TASK DESCRIPTION. Once you find the line in the listing below that contains "(a k * gam j", copy it and every following line exactly, stopping at the end.

DATA SHOWN.
+ + + + + + +

lemma sum_UNIV_pairs_split:
  fixes g :: "'n::{finite,linorder} \<times> 'n \<Rightarrow> 'a::comm_monoid_add"
  assumes "\<And>a. g (a, a) = 0"
  shows "(\<Sum>p\<in>UNIV. g p) = (\<Sum>(j,i)\<in>{(j,i). j < i}. g (j, i) + g (i, j))"
proof -
  let ?A = "{(j,i). j < i} :: ('n \<times> 'n) set"
  have UNIV_split: "UNIV = (?A \<union> prod.swap ` ?A) \<union> {p. fst p = snd p}"
  proof (rule set_eqI)
    fix p :: "'n \<times> 'n"
    show "p \<in> UNIV \<longleftrightarrow> p \<in> (?A \<union> prod.swap ` ?A) \<union> {p. fst p = snd p}"
      by (cases p; cases "fst p" "snd p" rule: linorder_cases) (auto simp: image_iff)
  qed
  have "(\<Sum>p\<in>UNIV. g p) = (\<Sum>p\<in>?A \<union> prod.swap ` ?A. g p) + (\<Sum>p\<in>{p. fst p = snd p}. g p)"
    by (subst UNIV_split, rule sum.union_disjoint) auto
  also have "(\<Sum>p\<in>{p. fst p = snd p}. g p) = 0"
    using assms by (intro sum.neutral) auto
  also have "(\<Sum>p\<in>?A \<union> prod.swap ` ?A. g p) = (\<Sum>p\<in>?A. g p) + (\<Sum>p\<in>?A. g (prod.swap p))"
    by (subst sum.union_disjoint) (auto simp: sum.reindex inj_on_def)
  finally show ?thesis
    by (simp add: sum.distrib case_prod_unfold prod.swap_def)
qed

lemma flow_eq_cone_sum:
  fixes x :: "'n::{finite,linorder} \<Rightarrow> real"
  assumes down: "\<And>a b. f a b \<noteq> 0 \<Longrightarrow> x b < x a"
  shows "(\<Sum>(a,b)\<in>UNIV. f a b *\<^sub>R gam a b)
    = (\<Sum>(j,i)\<in>{(j,i). j < i}. (f j i + f i j) *\<^sub>R (sgn (x j - x i) *\<^sub>R gam j i))"
proof -
  have "(\<Sum>(a,b)\<in>UNIV. f a b *\<^sub>R gam a b)
      = (\<Sum>(j,i)\<in>{(j,i). j < i}. f j i *\<^sub>R gam j i + f i j *\<^sub>R gam i j)"
    using down[of a a for a] by (subst sum_UNIV_pairs_split) (auto simp: case_prod_unfold)
  also have "\<dots> = (\<Sum>(j,i)\<in>{(j,i). j < i}. (f j i + f i j) *\<^sub>R (sgn (x j - x i) *\<^sub>R gam j i))"
  proof (intro sum.cong refl, clarify)
    fix j i :: 'n
    assume "j < i"
    then have swap: "gam i j = - gam j i"
      by (intro gam_swap) simp
    show "f j i *\<^sub>R gam j i + f i j *\<^sub>R gam i j = (f j i + f i j) *\<^sub>R (sgn (x j - x i) *\<^sub>R gam j i)"
    proof (cases "x j" "x i" rule: linorder_cases)
      case less
      then have "f j i = 0"
        using down[of j i] by fastforce
      then show ?thesis
        using less by (simp add: swap)
    next
      case equal
      then have "f j i = 0" "f i j = 0"
        using down[of j i] down[of i j] by fastforce+
      then show ?thesis
        by simp
    next
      case greater
      then have "f i j = 0"
        using down[of i j] by fastforce
      then show ?thesis
        using greater by simp
    qed
  qed
  finally show ?thesis .
qed

lemma cone_sum_downhill:
  fixes x :: "'n::{finite,linorder} \<Rightarrow> real"
  assumes c: "\<And>j i. j < i \<Longrightarrow> 0 \<le> c j i"
  shows "downhill x (\<Sum>(j,i)\<in>{(j,i). j < i}. c j i *\<^sub>R (sgn (x j - x i) *\<^sub>R gam j i))"
proof -
  let ?v = "\<Sum>(j,i)\<in>{(j,i). j < i}. (c j i * sgn (x j - x i)) *\<^sub>R gam j i"
  have "(\<Sum>k\<in>S. ?v $ k) \<le> 0" if "up_closed x S" for S
    unfolding sum_gam_combination
  proof (intro sum_nonpos, clarify)
    fix j i :: 'n
    assume "j < i"
    have "sgn (x j - x i) * (of_bool (i \<in> S) - of_bool (j \<in> S)) \<le> (0::real)"
      using \<open>up_closed x S\<close> by (cases "x j" "x i" rule: linorder_cases) (auto simp: up_closed_def)
    then show "c j i * sgn (x j - x i) * (of_bool (i \<in> S) - of_bool (j \<in> S)) \<le> 0"
      using c[OF \<open>j < i\<close>] by (simp add: mult.assoc mult_nonneg_nonpos)
  qed
  moreover have "(\<Sum>k\<in>UNIV. ?v $ k) = 0"
    unfolding sum_gam_combination by simp
  ultimately show ?thesis
    by (simp add: downhill_def scaleR_scaleR)
qed

lemma downhill_imp_cone_sum:
  fixes x :: "'n::{finite,linorder} \<Rightarrow> real"
  assumes "downhill x v"
  shows "\<exists>c. (\<forall>j i. 0 \<le> c j i \<and> c j i \<le> (\<Sum>k\<in>UNIV. \<bar>v $ k\<bar>)) \<and>
    v = (\<Sum>(j,i)\<in>{(j,i). j < i}. c j i *\<^sub>R (sgn (x j - x i) *\<^sub>R gam j i))"
proof -
  obtain f where f_nonneg: "\<forall>a b. 0 \<le> f a b" and f_down: "\<forall>a b. f a b \<noteq> 0 \<longrightarrow> x b < x a"
    and f_sum: "v = (\<Sum>(a,b)\<in>UNIV. f a b *\<^sub>R gam a b)"
    and f_mass: "(\<Sum>(a,b)\<in>UNIV. f a b) \<le> (\<Sum>k\<in>UNIV. \<bar>v $ k\<bar>)"
    using downhill_flow_decomposition[OF assms] by blast
  have "f j i + f i j \<le> (\<Sum>k\<in>UNIV. \<bar>v $ k\<bar>)" for j i
  proof (cases "j = i")
    case True
    then have "f j i = 0" "f i j = 0"
      using f_down by auto
    then show ?thesis
      by (simp add: sum_nonneg)
  next
    case False
    then have "f j i + f i j = (\<Sum>p\<in>{(j, i), (i, j)}. case p of (a, b) \<Rightarrow> f a b)"
      by auto
    also have "\<dots> \<le> (\<Sum>(a,b)\<in>UNIV. f a b)"
      using f_nonneg by (intro sum_mono2) auto
    finally show ?thesis
      using f_mass by linarith
  qed
  moreover have "v = (\<Sum>(j,i)\<in>{(j,i). j < i}. (f j i + f i j) *\<^sub>R (sgn (x j - x i) *\<^sub>R gam j i))"
    using f_sum flow_eq_cone_sum[of f x] f_down by auto
  ultimately show ?thesis
    using f_nonneg by (intro exI[of _ "\<lambda>j i. f j i + f i j"]) (simp add: add_nonneg_nonneg)
qed

section \<open>Lyapunov functions of the Kolmogorov equations\<close>

definition kolmogorov_solution ::
    "('n::{finite,linorder} \<Rightarrow> 'n \<Rightarrow> real) \<Rightarrow> (real, 'n) vec \<Rightarrow> (real \<Rightarrow> (real, 'n) vec) \<Rightarrow> bool" where
  "kolmogorov_solution w Ps P \<longleftrightarrow>
     (\<forall>s\<ge>0. (P has_vector_derivative kfield w Ps (P s)) (at s within {0..}))"

lemma Phi_iff:
  "y \<in> Phi Ps P0 \<longleftrightarrow>
     (\<exists>w P t. (\<forall>i j. j < i \<longrightarrow> 0 \<le> w i j) \<and> P 0 = P0 \<and> kolmogorov_solution w Ps P \<and> 0 < t \<and> y = P t)"
  by (auto simp: Phi_def kolmogorov_solution_def)

lemma sum_mult_kfield:
  fixes P Ps :: "(real, 'n::{finite,linorder}) vec"
  shows "(\<Sum>k\<in>UNIV. a k * kfield w Ps P $ k)
     = (\<Sum>(j,i)\<in>{(j,i). j < i}. w i j * (P $ j / Ps $ j - P $ i / Ps $ i) * (a i - a j))"
proof -
  have gam_sum: "(\<Sum>k\<in>UNIV. a k * gam j i $ k) = a i - a j" if "j < i" for j i :: 'n
  proof -
    have "(\<Sum>k\<in>UNIV. a k * gam j i $ k) = (\<Sum>k\<in>UNIV. (if k = i then a k else 0) - (if k = j then a k else 0))"
      using that by (intro sum.cong) auto
    then show ?thesis
      by (simp add: sum_subtractf)
  qed
  have "(\<Sum>k\<in>UNIV. a k * kfield w Ps P $ k)
      = (\<Sum>k\<in>UNIV. \<Sum>(j,i)\<in>{(j,i). j < i}. w i j * (P $ j / Ps $ j - P $ i / Ps $ i) * (a k * gam j i $ k))"
    by (simp add: kfield_def sum_component sum_distrib_left case_prod_unfold mult_ac)
  also have "\<dots> = (\<Sum>(j,i)\<in>{(j,i). j < i}. w i j * (P $ j / Ps $ j - P $ i / Ps $ i) * (\<Sum>k\<in>UNIV. a k * gam j i $ k))"
    by (subst sum.swap) (simp add: sum_distrib_left case_prod_unfold)
  also have "\<dots> = (\<Sum>(j,i)\<in>{(j,i). j < i}. w i j * (P $ j / Ps $ j - P $ i / Ps $ i) * (a i - a j))"
    by (intro sum.cong) (auto simp: gam_sum simp del: gam_nth)
  finally show ?thesis .
qed

lemma kfield_dissipative:
  fixes P Ps :: "(real, 'n::{finite,linorder}) vec"
  assumes w: "\<forall>i j. j < i \<longrightarrow> 0 \<le> w i j" and d: "mono d"
  shows "(\<Sum>k\<in>UNIV. d (P $ k / Ps $ k) * kfield w Ps P $ k) \<le> 0"
  unfolding sum_mult_kfield
proof (intro sum_nonpos, clarify)
  fix j i :: 'n
  assume "j < i"
  have "(u - v) * (d v - d u) \<le> 0" for u v
    using d by (cases u v rule: le_cases) (auto simp: mono_def mult_nonneg_nonpos mult_nonpos_nonneg)
  then show "w i j * (P $ j / Ps $ j - P $ i / Ps $ i) * (d (P $ i / Ps $ i) - d (P $ j / Ps $ j)) \<le> 0"
    using w \<open>j < i\<close> by (simp add: mult.assoc mult_nonneg_nonpos)
qed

+ + + + + + +

RESPONSE.
      = (\<Sum>k\<in>UNIV. \<Sum>(j,i)\<in>{(j,i). j < i}. w i j * (P $ j / Ps $ j - P $ i / Ps $ i) * (a k * gam j i $ k))"
    by (simp add: kfield_def sum_component sum_distrib_left case_prod_unfold mult_ac)
  also have "\<dots> = (\<Sum>(j,i)\<in>{(j,i). j < i}. w i j * (P $ j / Ps $ j - P $ i / Ps $ i) * (\<Sum>k\<in>UNIV. a k * gam j i $ k))"
    by (subst sum.swap) (simp add: sum_distrib_left case_prod_unfold)
  also have "\<dots> = (\<Sum>(j,i)\<in>{(j,i). j < i}. w i j * (P $ j / Ps $ j - P $ i / Ps $ i) * (a i - a j))"
    by (intro sum.cong) (auto simp: gam_sum simp del: gam_nth)
  finally show ?thesis .
qed

lemma kfield_dissipative:
  fixes P Ps :: "(real, 'n::{finite,linorder}) vec"
  assumes w: "\<forall>i j. j < i \<longrightarrow> 0 \<le> w i j" and d: "mono d"
  shows "(\<Sum>k\<in>UNIV. d (P $ k / Ps $ k) * kfield w Ps P $ k) \<le> 0"
  unfolding sum_mult_kfield
proof (intro sum_nonpos, clarify)
  fix j i :: 'n
  assume "j < i"
  have "(u - v) * (d v - d u) \<le> 0" for u v
    using d by (cases u v rule: le_cases) (auto simp: mono_def mult_nonneg_nonpos mult_nonpos_nonneg)
  then show "w i j * (P $ j / Ps $ j - P $ i / Ps $ i) * (d (P $ i / Ps $ i) - d (P $ j / Ps $ j)) \<le> 0"
    using w \<open>j < i\<close> by (simp add: mult.assoc mult_nonneg_nonpos)
qed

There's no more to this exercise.